I think the innovation that we're seeing with zilebesiran is so exciting because it is a totally new mechanism of action. It is a totally different way to deliver drug. It's a totally different way to think about prevention. Regardless, having more options is a good thing, not a bad thing.
Well said.
We have one final question. I know we've just gotten started, but people are curious on enrollment projections and timelines. There is specifically a question about whether we're planning to include the reverse year in the Phase 3. Do we still think launching 2030 is feasible?
Yeah, so a couple of questions there. Look, we're just getting kicked off, as Simon highlighted. Obviously, there's real urgency for us to enroll this study with the right patients and do that. We're working with our colleagues at Roche, colleagues at DCRI, and our CRO partners to really get this study up. There's a lot of enthusiasm. We met with the investigators and the national coordinators at this meeting. There's a lot of enthusiasm, and we're all going to be working as hard as we can to get this enrolled. We haven't projected specific timelines. We still anticipate that around 2030 is when we'll get top-line results from this study. We'll give updates at the appropriate time. Simon mentioned that we do have a reverse year program. I think what the remarkable thing about this product is we've actually now dosed almost 1,000 patients with this drug.

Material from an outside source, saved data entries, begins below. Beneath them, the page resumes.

lemma evF_eqI:
  assumes "generically_continuous f" "rep_at p f h U"
  shows "evF p f = h p"
  unfolding evF_def
proof (rule the_equality)
  show "\<exists>h' U'. rep_at p f h' U' \<and> h' p = h p"
    using assms(2) by blast
next
  fix c assume "\<exists>h' U'. rep_at p f h' U' \<and> h' p = c"
  then obtain h' U' where h': "rep_at p f h' U'" and c: "h' p = c"
    by blast
  have "p \<in> U \<inter> U'"
    using rep_atD(2)[OF assms(2)] rep_atD(2)[OF h'] by simp
  then show "c = h p"
    using rep_at_agree[OF assms h'] c by simp
qed

lemma dxyF_eqI:
  assumes f: "generically_continuous f" and h: "rep_at p f h U"
    and d: "(h has_derivative (\<lambda>u. a * fst u + b * snd u)) (at p)"
  shows "dxyF p f = a - b"
  unfolding dxyF_def
proof (rule the_equality)
  show "\<exists>h' U' a' b'. rep_at p f h' U' \<and>
      (h' has_derivative (\<lambda>u. a' * fst u + b' * snd u)) (at p) \<and> a - b = a' - b'"
    using h d by blast
next
  fix c assume "\<exists>h' U' a' b'. rep_at p f h' U' \<and>
      (h' has_derivative (\<lambda>u. a' * fst u + b' * snd u)) (at p) \<and> c = a' - b'"
  then obtain h' U' a' b' where h': "rep_at p f h' U'"
    and d': "(h' has_derivative (\<lambda>u. a' * fst u + b' * snd u)) (at p)" and c: "c = a' - b'"
    by blast
  have "open (U \<inter> U')" "p \<in> U \<inter> U'"
    using rep_atD(1,2)[OF h] rep_atD(1,2)[OF h'] by auto
  with d have "(h' has_derivative (\<lambda>u. a * fst u + b * snd u)) (at p)"
    by (rule has_derivative_transform_within_open) (use rep_at_agree[OF f h h'] in simp)
  then have "(\<lambda>u. a * fst u + b * snd u) = (\<lambda>u::complex \<times> complex. a' * fst u + b' * snd u)"
    using d' by (rule has_derivative_unique)
  from fun_cong[OF this, of "(1, 0)"] fun_cong[OF this, of "(0, 1)"] have "a = a'" "b = b'"
    by simp_all
  with c show "c = a - b"
    by simp
qed
lemma is_factor_iff_nth: "is_factor w u \<longleftrightarrow> (\<exists>i. \<forall>l<length w. w!l = u (i+l))"
proof
  assume "is_factor w u"
  then show "\<exists>i. \<forall>l<length w. w!l = u (i+l)"
    unfolding is_factor_def factor_at_def by (metis add_diff_cancel_left' nth_map_upt)
next
  assume "\<exists>i. \<forall>l<length w. w!l = u (i+l)"
  then obtain i where "\<forall>l<length w. w!l = u (i+l)" by blast
  then have "w = factor_at u i (length w)"
    unfolding factor_at_def by (intro nth_equalityI) auto
  then show "is_factor w u" unfolding is_factor_def by blast
qed

lemma is_factor_sublist:
  assumes "is_factor w u" and "sublist v w"
  shows "is_factor v u"
proof -
  obtain i where i: "\<forall>l<length w. w!l = u (i+l)" using assms(1) is_factor_iff_nth by blast
  obtain ps ss where w: "w = ps @ v @ ss" using assms(2) unfolding sublist_def by blast
  have "v!l = u (i + length ps + l)" if "l < length v" for l
  proof -
    have "v!l = w!(length ps + l)" and "length ps + l < length w"
      using that w by (simp_all add: nth_append)
    then show ?thesis using i by (metis add.assoc)
  qed
  then have "\<forall>l<length v. v!l = u (i + length ps + l)" by blast
  then show ?thesis using is_factor_iff_nth by blast
qed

I will say, before we put it into the clinic, there were a lot of questions about what might be the impact of lowering blood pressure for six months at a time. What's been remarkable is whether as a monotherapy or in combination over almost 1,000 patients, the incidence of symptomatic hypotension has been negligible. It's really quite remarkable. We're really delighted by that. There are many ways that people can actually have their, if they do experience low blood pressure in an emergency situation, it can be managed. That works very effectively on this drug. We do, as Simon said, have the capability to develop a reverse year. We are developing in parallel, and we'll see what the need is. We don't expect there to be any substantive need for something like that. We want to be cautious, and we're doing that in parallel. We'll keep you posted.
We're very, very excited about this program.
That's what we have time for. Back to you just to thank everyone and wrap us up.
All right. Thank you to colleagues who made it here to beautiful Madrid. Thanks to all of you who joined in on the webcast. Very heartfelt thanks to Neha, Bryan, and Simon for joining up here and Manu for joining on the Zoom. I hope you all sense that there's really something very, very exciting here in terms of an entirely novel way to treat such a serious and intractable problem. We just couldn't be more delighted about the opportunity to really shift the entire curve and be a paradigm-shifting therapy for hypertension and cardiovascular disease. Thanks for joining us. We'll keep you updated in the future. Enjoy the rest of your weekend.